**Given entries:**
lemma jordan_family_spanning_exists:
  assumes syn: "synchrony_subspace A S"
  shows "\<exists>m lam k x. jordan_family A S m lam k x \<and> vec.span (chain_vecs m k x) = S"
proof -
  have inv: "\<And>z. z \<in> S \<Longrightarrow> cmat A *v z \<in> S" and S: "vec.subspace S"
    using syn polydiagonal_subspace by (auto simp: synchrony_subspace_def)
  define P where "P = (\<lambda>N. \<exists>m lam k x. jordan_family A S m lam k x \<and> (\<Sum>i<m. k i) = N)"
  have P0: "P 0"
    unfolding P_def jordan_family_def chains_indep_def chain_vecs_def by (rule exI[of _ 0]) auto
  have bound: "\<forall>N. P N \<longrightarrow> N < Suc (vec.dim S)"
  proof (intro allI impI)
    fix N assume "P N"
    obtain m lam k x where f: "jordan_family A S m lam k x" "(\<Sum>i<m. k i) = N"
      using \<open>P N\<close> unfolding P_def by blast
    then have "vec.dim (chain_vecs m k x) = N" using dim_chain_vecs by (auto simp: jordan_family_def)
    moreover have "vec.dim (chain_vecs m k x) \<le> vec.dim S"
      using f(1) vec.span_superset by (intro vec.dim_mono) (auto simp: jordan_family_def)
    ultimately show "N < Suc (vec.dim S)" by simp
  qed
  obtain N where N: "P N" "\<And>N'. P N' \<Longrightarrow> N' \<le> N"
    using ex_has_greatest_nat[of P 0 "\<lambda>N. N" "Suc (vec.dim S)", OF P0 bound] by auto
  then obtain m lam k x where F: "jordan_family A S m lam k x" "(\<Sum>i<m. k i) = N"
    unfolding P_def by blast
  have "vec.span (chain_vecs m k x) \<subseteq> S"
    using F(1) by (intro vec.span_minimal S) (simp add: jordan_family_def)
  moreover have "S \<subseteq> vec.span (chain_vecs m k x)"
  proof
    fix z0 assume "z0 \<in> S"
    show "z0 \<in> vec.span (chain_vecs m k x)"
    proof (rule ccontr)
      assume "z0 \<notin> vec.span (chain_vecs m k x)"
      from jordan_family_grow[OF F(1) S inv \<open>z0 \<in> S\<close> this] have "P (Suc N)"
        unfolding P_def F(2) by blast
      with N(2) show False by fastforce
    qed
  qed
  ultimately show ?thesis using F(1) by blast
qed
text \<open>Each factor d(a_ijk, a_ikj) of the index lies above e, with equality iff the endpoint
pairs a_ijk and a_ikj coincide; hence so does their product, with equality iff every factor is e.
On the interval G the map x \<mapsto> x^(m) is continuous and strictly increasing, so the m-th root
exists, is unique and preserves both properties. Monotonicity and continuity of \<odot> give
[a,b] \<odot> [c,d] = [a \<odot> c, b \<odot> d], so consistency at (i,j,k) means exactly a_ijk = a_ikj;
by commutativity this is invariant under permuting i, j, k, so the triples i < j < k decide it.\<close>

definition triple_discrepancy ::
  "real set \<Rightarrow> (real \<Rightarrow> real \<Rightarrow> real) \<Rightarrow> (nat \<Rightarrow> nat \<Rightarrow> real \<times> real) \<Rightarrow> nat \<times> nat \<times> nat \<Rightarrow> real"
  where "triple_discrepancy G f A = (\<lambda>(i, j, k). ival_dist G f (triple_ijk f A i j k) (triple_ijk f A i k j))"

lemma consistency_index_eq:
  "consistency_index G f n A =
    alo_root G f (foldr (\<lambda>t. f (triple_discrepancy G f A t)) (triples n) (alo_unit G f))
      (card {(i, j, k). i < j \<and> j < k \<and> k < n})"
  unfolding consistency_index_def triple_discrepancy_def by (simp add: split_def)

lemma set_triples: "set (triples n) = {(i, j, k). i < j \<and> j < k \<and> k < n}"
proof -
  have "(i, j, k) \<in> set (triples n)" if "i < j" "j < k" "k < n" for i j k
  proof -
    have "(i, j, k) \<in> (\<lambda>c. (i, j, c)) ` {Suc j..<n}" using that by auto
    then have "\<exists>a\<in>{0..<n}. \<exists>b\<in>{Suc a..<n}. (i, j, k) \<in> (\<lambda>c. (a, b, c)) ` {Suc b..<n}"
      using that by (intro bexI[of _ i] bexI[of _ j]) auto
    then show ?thesis unfolding triples_def by simp
  qed
  then show ?thesis unfolding triples_def by auto
qed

**Exercise objective:**
Reproduce only the lines above, starting at the line with "proof (intro allI impI)" and ending at the line with "by (auto simp: jordan_family_def)", exactly as written.

**Expected output:**
  proof (intro allI impI)
    fix N assume "P N"
    obtain m lam k x where f: "jordan_family A S m lam k x" "(\<Sum>i<m. k i) = N"
      using \<open>P N\<close> unfolding P_def by blast
    then have "vec.dim (chain_vecs m k x) = N" using dim_chain_vecs by (auto simp: jordan_family_def)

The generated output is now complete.